Norwegian ice hockey player

Robin Dahlstrøm (born 29 January 1988) is a Norwegian former professional ice hockey player who last played for Storhamar in the Norwegian hockey league GET-ligaen in 2021.

Dahlstrøm has played primarily in his native Norway for the Frisk Asker organization, including his junior and most of his professional career. In 2011 he moved to the Swedish club IF Troja/Ljungby in the HockeyAllsvenskan.

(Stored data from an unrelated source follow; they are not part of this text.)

(* Let $G$ be a connected graph in $\mathcal{C}$ and $C$ an induced $C_5$ in $G$ with vertices $0,\dots,4$ in cyclic order. For any two distinct indices $i,j$, no vertex of $X_i$ has two neighbours in $X_j$.
   Context: $\mathcal{C}=\mathrm{Free}(\text{claw}, 4K_1, \text{5-wheel}, C_5\text{-twin}, P_5\text{-twin}, K_5-e)$, where $\mathrm{Free}(L)$ is the class of graphs with no induced subgraph isomorphic to a member of $L$; the claw is $K_{1,3}$; $4K_1$ is the edgeless graph on 4 vertices; the 5-wheel is $C_5$ plus a vertex adjacent to all five cycle vertices; the $C_5$-twin is $C_5$ plus a new vertex adjacent to one cycle vertex $v$ and both cycle-neighbours of $v$; the $P_5$-twin is a path $p_1p_2p_3p_4p_5$ plus a new vertex adjacent to exactly $p_2,p_3,p_4$; $K_5-e$ is $K_5$ minus one edge. Given an induced cycle $C$ of length 5 with vertices $0,\dots,4$ in cyclic order (indices taken mod 5): $R$ is the set of vertices outside $C$ with no neighbour in $C$; $X_j$ is the set of vertices outside $C$ whose neighbourhood in $C$ is exactly $\{j,j+1\}$; $Y_j$ is the set of vertices outside $C$ whose neighbourhood in $C$ is exactly $\{j,j+1,j+2,j+3\}$; $X=\bigcup_j X_j$, $Y=\bigcup_j Y_j$. *)

theory Defs
  imports Main
begin

definition simple_graph :: "'a set \<Rightarrow> ('a \<Rightarrow> 'a \<Rightarrow> bool) \<Rightarrow> bool" where
  "simple_graph V E \<longleftrightarrow> finite V \<and> (\<forall>x y. E x y \<longrightarrow> x \<in> V \<and> y \<in> V)
     \<and> (\<forall>x y. E x y \<longrightarrow> E y x) \<and> (\<forall>x. \<not> E x x)"

definition connected_graph :: "'a set \<Rightarrow> ('a \<Rightarrow> 'a \<Rightarrow> bool) \<Rightarrow> bool" where
  "connected_graph V E \<longleftrightarrow> (\<forall>x\<in>V. \<forall>y\<in>V. (x, y) \<in> {(a, b). E a b}\<^sup>*)"

definition pat_adj :: "(nat \<times> nat) list \<Rightarrow> nat \<Rightarrow> nat \<Rightarrow> bool" where
  "pat_adj es a b \<longleftrightarrow> (a, b) \<in> set es \<or> (b, a) \<in> set es"

definition has_induced :: "'a set \<Rightarrow> ('a \<Rightarrow> 'a \<Rightarrow> bool) \<Rightarrow> nat \<Rightarrow> (nat \<times> nat) list \<Rightarrow> bool" where
  "has_induced V E n es \<longleftrightarrow> (\<exists>f. inj_on f {..<n} \<and> f ` {..<n} \<subseteq> V \<and>
      (\<forall>a<n. \<forall>b<n. E (f a) (f b) \<longleftrightarrow> pat_adj es a b))"

definition claw_edges :: "(nat \<times> nat) list" where
  "claw_edges = [(0,1),(0,2),(0,3)]"

definition fourK1_edges :: "(nat \<times> nat) list" where
  "fourK1_edges = []"                  (* on 4 vertices *)

definition C5_edges :: "(nat \<times> nat) list" where
  "C5_edges = [(0,1),(1,2),(2,3),(3,4),(4,0)]"

definition wheel5_edges :: "(nat \<times> nat) list" where
  "wheel5_edges = C5_edges @ [(5,0),(5,1),(5,2),(5,3),(5,4)]"

definition C5_twin_edges :: "(nat \<times> nat) list" where
  "C5_twin_edges = C5_edges @ [(5,0),(5,1),(5,4)]"

definition P5_twin_edges :: "(nat \<times> nat) list" where
  "P5_twin_edges = [(0,1),(1,2),(2,3),(3,4),(5,1),(5,2),(5,3)]"

definition K5_minus_e_edges :: "(nat \<times> nat) list" where
  "K5_minus_e_edges = [(0,2),(0,3),(0,4),(1,2),(1,3),(1,4),(2,3),(2,4),(3,4)]"

definition in_class_C :: "'a set \<Rightarrow> ('a \<Rightarrow> 'a \<Rightarrow> bool) \<Rightarrow> bool" where
  "in_class_C V E \<longleftrightarrow> simple_graph V E \<and>
     \<not> has_induced V E 4 claw_edges \<and>
     \<not> has_induced V E 4 fourK1_edges \<and>
     \<not> has_induced V E 6 wheel5_edges \<and>
     \<not> has_induced V E 6 C5_twin_edges \<and>
     \<not> has_induced V E 6 P5_twin_edges \<and>
     \<not> has_induced V E 5 K5_minus_e_edges"

definition induced_C5 :: "'a set \<Rightarrow> ('a \<Rightarrow> 'a \<Rightarrow> bool) \<Rightarrow> (nat \<Rightarrow> 'a) \<Rightarrow> bool" where
  "induced_C5 V E c \<longleftrightarrow> inj_on c {..<5} \<and> c ` {..<5} \<subseteq> V \<and>
     (\<forall>i<5. \<forall>j<5. E (c i) (c j) \<longleftrightarrow> (j = (i + 1) mod 5 \<or> i = (j + 1) mod 5))"

definition Xset :: "'a set \<Rightarrow> ('a \<Rightarrow> 'a \<Rightarrow> bool) \<Rightarrow> (nat \<Rightarrow> 'a) \<Rightarrow> nat \<Rightarrow> 'a set" where
  "Xset V E c j = {v \<in> V - c ` {..<5}. \<forall>k<5. E v (c k) \<longleftrightarrow> (k = j mod 5 \<or> k = (j + 1) mod 5)}"

end

theory Submission
  imports Defs "HOL-Number_Theory.Cong"
begin

text \<open>
  Rotating the cycle we may assume i = 0. Let y, z \<in> X_j be neighbours of x \<in> X_0. Some cycle
  vertex c_k is adjacent to x but to neither y nor z, so claw-freeness at x forces y z to be
  an edge. If X_j shares a cycle vertex with X_0 (j = 1 or 4), then x, y, z, that vertex and its
  other cycle neighbour span a K_5 - e; otherwise (j = 2 or 3) y, x and three cycle vertices
  form a 5-cycle to which z is a C_5-twin.
\<close>

lemma has_induced_listI:
  assumes "length vs = n" "distinct vs" "set vs \<subseteq> V"
    and "\<forall>a<n. \<forall>b<n. E (vs ! a) (vs ! b) \<longleftrightarrow> pat_adj es a b"
  shows "has_induced V E n es"
  unfolding has_induced_def
proof (intro exI conjI)
  show "inj_on ((!) vs) {..<n}" using assms(1,2) by (simp add: inj_on_def nth_eq_iff_index_eq)
  show "(!) vs ` {..<n} \<subseteq> V" using assms(1,3) by (auto simp: set_conv_nth)
qed (use assms(4) in blast)

lemma simple_graph_adj_sym: "simple_graph V E \<Longrightarrow> E x y \<longleftrightarrow> E y x"
  and simple_graph_irrefl: "simple_graph V E \<Longrightarrow> \<not> E x x"
  unfolding simple_graph_def by blast+

lemma claw_free_common_neighbours_adjacent:
  assumes G: "simple_graph V E" and "\<not> has_induced V E 4 claw_edges"
    and "{x, u, y, z} \<subseteq> V" "distinct [x, u, y, z]"
    and "E x u" "E x y" "E x z" "\<not> E u y" "\<not> E u z"
  shows "E y z"
proof (rule ccontr)
  assume "\<not> E y z"
  then have "has_induced V E 4 claw_edges"
    using assms simple_graph_adj_sym[OF G] simple_graph_irrefl[OF G]
    by (intro has_induced_listI[of "[x, u, y, z]"])
       (auto simp: less_Suc_eq numeral_eq_Suc pat_adj_def claw_edges_def)
  with assms(2) show False by contradiction
qed

lemma K5_minus_e_free:
  assumes G: "simple_graph V E" and "\<not> has_induced V E 5 K5_minus_e_edges"
    and "{v0, v1, v2, v3, v4} \<subseteq> V" "distinct [v0, v1, v2, v3, v4]" "\<not> E v0 v1"
    and "E v0 v2" "E v0 v3" "E v0 v4" "E v1 v2" "E v1 v3" "E v1 v4"
    and "E v2 v3" "E v2 v4" "E v3 v4"
  shows False
proof -
  have "has_induced V E 5 K5_minus_e_edges"
    using assms simple_graph_adj_sym[OF G] simple_graph_irrefl[OF G]
    by (intro has_induced_listI[of "[v0, v1, v2, v3, v4]"])
       (auto simp: less_Suc_eq numeral_eq_Suc pat_adj_def K5_minus_e_edges_def)
  with assms(2) show False by contradiction
qed

lemma C5_twin_free:
  assumes G: "simple_graph V E" and "\<not> has_induced V E 6 C5_twin_edges"
    and "{v0, v1, v2, v3, v4, t} \<subseteq> V" "distinct [v0, v1, v2, v3, v4, t]"
    and "E v0 v1" "E v1 v2" "E v2 v3" "E v3 v4" "E v4 v0"
    and "\<not> E v0 v2" "\<not> E v0 v3" "\<not> E v1 v3" "\<not> E v1 v4" "\<not> E v2 v4"
    and "E t v0" "E t v1" "E t v4" "\<not> E t v2" "\<not> E t v3"
  shows False
proof -
  have "has_induced V E 6 C5_twin_edges"
    using assms simple_graph_adj_sym[OF G] simple_graph_irrefl[OF G]
    by (intro has_induced_listI[of "[v0, v1, v2, v3, v4, t]"])
       (auto simp: less_Suc_eq numeral_eq_Suc pat_adj_def C5_twin_edges_def C5_edges_def)
  with assms(2) show False by contradiction
qed

lemma induced_C5_adj:
  "induced_C5 V E c \<Longrightarrow> a < 5 \<Longrightarrow> b < 5 \<Longrightarrow> E (c a) (c b) \<longleftrightarrow> b = (a + 1) mod 5 \<or> a = (b + 1) mod 5"
  unfolding induced_C5_def by blast

lemma induced_C5_eq_iff:
  "induced_C5 V E c \<Longrightarrow> a < 5 \<Longrightarrow> b < 5 \<Longrightarrow> c a = c b \<longleftrightarrow> a = b"
  unfolding induced_C5_def inj_on_def by blast

lemma induced_C5_in_V: "induced_C5 V E c \<Longrightarrow> a < 5 \<Longrightarrow> c a \<in> V"
  unfolding induced_C5_def by blast

lemma XsetD:
  assumes "v \<in> Xset V E c j"
  shows "v \<in> V" "\<And>k. k < 5 \<Longrightarrow> v \<noteq> c k"
    and "\<And>k. k < 5 \<Longrightarrow> E v (c k) \<longleftrightarrow> k = j mod 5 \<or> k = (j + 1) mod 5"
  using assms unfolding Xset_def by auto

lemma XsetD_adj_sym:
  "simple_graph V E \<Longrightarrow> v \<in> Xset V E c j \<Longrightarrow> k < 5 \<Longrightarrow> E (c k) v \<longleftrightarrow> k = j mod 5 \<or> k = (j + 1) mod 5"
  using XsetD(3) simple_graph_adj_sym by metis

lemma rotate5_eq_iff: "k < 5 \<Longrightarrow> (k + r) mod 5 = (j + r) mod 5 \<longleftrightarrow> k = j mod (5::nat)"
  using cong_add_rcancel_nat[of k r j 5] unfolding cong_def by simp

lemma rotate5_image: "(\<lambda>n. (n + r) mod 5) ` {..<5} = {..<5::nat}"
  by (rule endo_inj_surj) (auto simp: inj_on_def rotate5_eq_iff)

lemma rotate5_eq_Suc_iff: "k < 5 \<Longrightarrow> (k + r) mod 5 = Suc ((j + r) mod 5) mod 5 \<longleftrightarrow> k = Suc j mod (5::nat)"
  using rotate5_eq_iff[of k r "Suc j"] by (simp add: mod_Suc_eq)

lemma induced_C5_rotate:
  assumes "induced_C5 V E c"
  shows "induced_C5 V E (\<lambda>n. c ((n + r) mod 5))"
  unfolding induced_C5_def
proof (intro conjI allI impI)
  show "inj_on (\<lambda>n. c ((n + r) mod 5)) {..<5}"
  proof (rule inj_onI)
    fix a b :: nat assume "a \<in> {..<5}" "b \<in> {..<5}" "c ((a + r) mod 5) = c ((b + r) mod 5)"
    then show "a = b"
      using induced_C5_eq_iff[OF assms] rotate5_eq_iff[of a r b] by simp
  qed
  show "(\<lambda>n. c ((n + r) mod 5)) ` {..<5} \<subseteq> V"
    using assms rotate5_image unfolding induced_C5_def by (auto simp: image_image)
  fix a b :: nat assume "a < 5" "b < 5"
  then show "E (c ((a + r) mod 5)) (c ((b + r) mod 5)) \<longleftrightarrow> b = (a + 1) mod 5 \<or> a = (b + 1) mod 5"
    by (simp add: induced_C5_adj[OF assms] rotate5_eq_Suc_iff rotate5_eq_iff)
qed

lemma Xset_rotate: "Xset V E (\<lambda>n. c ((n + r) mod 5)) j = Xset V E c ((j + r) mod 5)"
proof -
  have img: "(\<lambda>n. c ((n + r) mod 5)) ` {..<5} = c ` {..<5}"
    using rotate5_image[of r] by (metis image_image)
  have reindex: "(\<forall>m<5. P m) \<longleftrightarrow> (\<forall>k<5. P ((k + r) mod 5))" for P
    using rotate5_image[of r] by (metis (no_types, lifting) image_iff lessThan_iff)
  have "(\<forall>k<5. E v (c ((k + r) mod 5)) \<longleftrightarrow> k = j mod 5 \<or> k = (j + 1) mod 5)
      \<longleftrightarrow> (\<forall>m<5. E v (c m) \<longleftrightarrow> m = (j + r) mod 5 mod 5 \<or> m = ((j + r) mod 5 + 1) mod 5)" for v
    unfolding reindex[of "\<lambda>m. E v (c m) \<longleftrightarrow> m = (j + r) mod 5 mod 5 \<or> m = ((j + r) mod 5 + 1) mod 5"]
    by (simp add: rotate5_eq_iff rotate5_eq_Suc_iff)
  then show ?thesis
    unfolding Xset_def img by (simp only:)
qed

lemma no_two_neighbours_in_Xj_of_X0_vertex:
  assumes C: "in_class_C V E" and c: "induced_C5 V E c" and "0 < j" "j < 5"
    and x: "x \<in> Xset V E c 0" and y: "y \<in> Xset V E c j" and z: "z \<in> Xset V E c j"
    and "y \<noteq> z" "E x y" "E x z"
  shows False
proof -
  have G: "simple_graph V E" and claw: "\<not> has_induced V E 4 claw_edges"
    and K5e: "\<not> has_induced V E 5 K5_minus_e_edges" and twin: "\<not> has_induced V E 6 C5_twin_edges"
    using C unfolding in_class_C_def by auto
  note C5_facts = induced_C5_adj[OF c] induced_C5_eq_iff[OF c] induced_C5_in_V[OF c]
    XsetD[OF x] XsetD[OF y] XsetD[OF z]
    XsetD(2)[OF x, THEN not_sym] XsetD(2)[OF y, THEN not_sym] XsetD(2)[OF z, THEN not_sym]
    XsetD_adj_sym[OF G x] XsetD_adj_sym[OF G y] XsetD_adj_sym[OF G z]
  have "x \<noteq> y" "x \<noteq> z"
    using \<open>E x y\<close> \<open>E x z\<close> simple_graph_irrefl[OF G] by auto
  have "E y z"
  proof -
    obtain k where k: "k < 5" "E x (c k)" "\<not> E y (c k)" "\<not> E z (c k)"
    proof (cases "j = 4")
      case True
      then show ?thesis by (intro that[of 1]) (simp_all add: C5_facts)
    next
      case False
      then show ?thesis using assms(3,4) by (intro that[of 0]) (simp_all add: C5_facts)
    qed
    have vertices: "{x, c k, y, z} \<subseteq> V" "distinct [x, c k, y, z]"
      using k(1) \<open>y \<noteq> z\<close> \<open>x \<noteq> y\<close> \<open>x \<noteq> z\<close> by (simp_all add: C5_facts)
    have "\<not> E (c k) y" "\<not> E (c k) z"
      using k(3,4) simple_graph_adj_sym[OF G, of "c k"] by simp_all
    then show ?thesis
      by (intro claw_free_common_neighbours_adjacent[OF G claw vertices k(2) \<open>E x y\<close> \<open>E x z\<close>])
  qed
  then have xyz_adj: "E x y" "E y x" "E x z" "E z x" "E y z" "E z y"
    using \<open>E x y\<close> \<open>E x z\<close> simple_graph_adj_sym[OF G] by blast+
  consider "j = 1" | "j = 2" | "j = 3" | "j = 4" using assms(3,4) by linarith
  then show False
  proof cases
    case 1
    show False
      by (rule K5_minus_e_free[OF G K5e, of "c 2" x "c 1" y z])
         (use assms xyz_adj \<open>x \<noteq> y\<close> \<open>x \<noteq> z\<close> 1 in \<open>simp_all add: C5_facts\<close>)
  next
    case 2
    show False
      by (rule C5_twin_free[OF G twin, of y "c 3" "c 4" "c 0" x z])
         (use assms xyz_adj \<open>x \<noteq> y\<close> \<open>x \<noteq> z\<close> 2 in \<open>simp_all add: C5_facts\<close>)
  next
    case 3
    show False
      by (rule C5_twin_free[OF G twin, of y "c 3" "c 2" "c 1" x z])
         (use assms xyz_adj \<open>x \<noteq> y\<close> \<open>x \<noteq> z\<close> 3 in \<open>simp_all add: C5_facts\<close>)
  next
    case 4
    show False
      by (rule K5_minus_e_free[OF G K5e, of "c 4" x "c 0" y z])
         (use assms xyz_adj \<open>x \<noteq> y\<close> \<open>x \<noteq> z\<close> 4 in \<open>simp_all add: C5_facts\<close>)
  qed
qed

theorem claim15:
  fixes V :: "'a set" and E :: "'a \<Rightarrow> 'a \<Rightarrow> bool" and c :: "nat \<Rightarrow> 'a"
  assumes "in_class_C V E" and "connected_graph V E" and "induced_C5 V E c"
    and "i < 5" and "j < 5" and "i \<noteq> j"
    and "x \<in> Xset V E c i"
  shows "\<not> (\<exists>y z. y \<noteq> z \<and> y \<in> Xset V E c j \<and> z \<in> Xset V E c j \<and> E x y \<and> E x z)"
proof
  assume "\<exists>y z. y \<noteq> z \<and> y \<in> Xset V E c j \<and> z \<in> Xset V E c j \<and> E x y \<and> E x z"
  then obtain y z where yz: "y \<noteq> z" "y \<in> Xset V E c j" "z \<in> Xset V E c j" "E x y" "E x z"
    by blast
  define j' where "j' = (j + (5 - i)) mod 5"
  have j': "0 < j'" "j' < 5" "(j' + i) mod 5 = j"
  proof -
    have "i \<in> {0, 1, 2, 3, 4}" "j \<in> {0, 1, 2, 3, 4}" using assms(4,5) by auto
    then show "0 < j'" "j' < 5" "(j' + i) mod 5 = j"
      using assms(6) unfolding j'_def by auto
  qed
  let ?c = "\<lambda>n. c ((n + i) mod 5)"
  have x: "x \<in> Xset V E ?c 0"
    using assms(4,7) by (simp add: Xset_rotate)
  have y: "y \<in> Xset V E ?c j'" and z: "z \<in> Xset V E ?c j'"
    unfolding Xset_rotate j'(3) by (fact yz(2,3))+
  show False
    by (rule no_two_neighbours_in_Xj_of_X0_vertex[OF assms(1) induced_C5_rotate[OF assms(3)] j'(1,2)
          x y z yz(1,4,5)])
qed
end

For the 2013–14 season Dahlstrøm signed with Örebro HK of the SHL. He was also loaned to HockeyAllsvenskan club Djurgårdens IF for several matches.

Dahlstrøm competed in the 2013 IIHF World Championship as a member of the Norway men's national ice hockey team. He was also named to Norway's 25 man roster for the 2014 Winter Olympics.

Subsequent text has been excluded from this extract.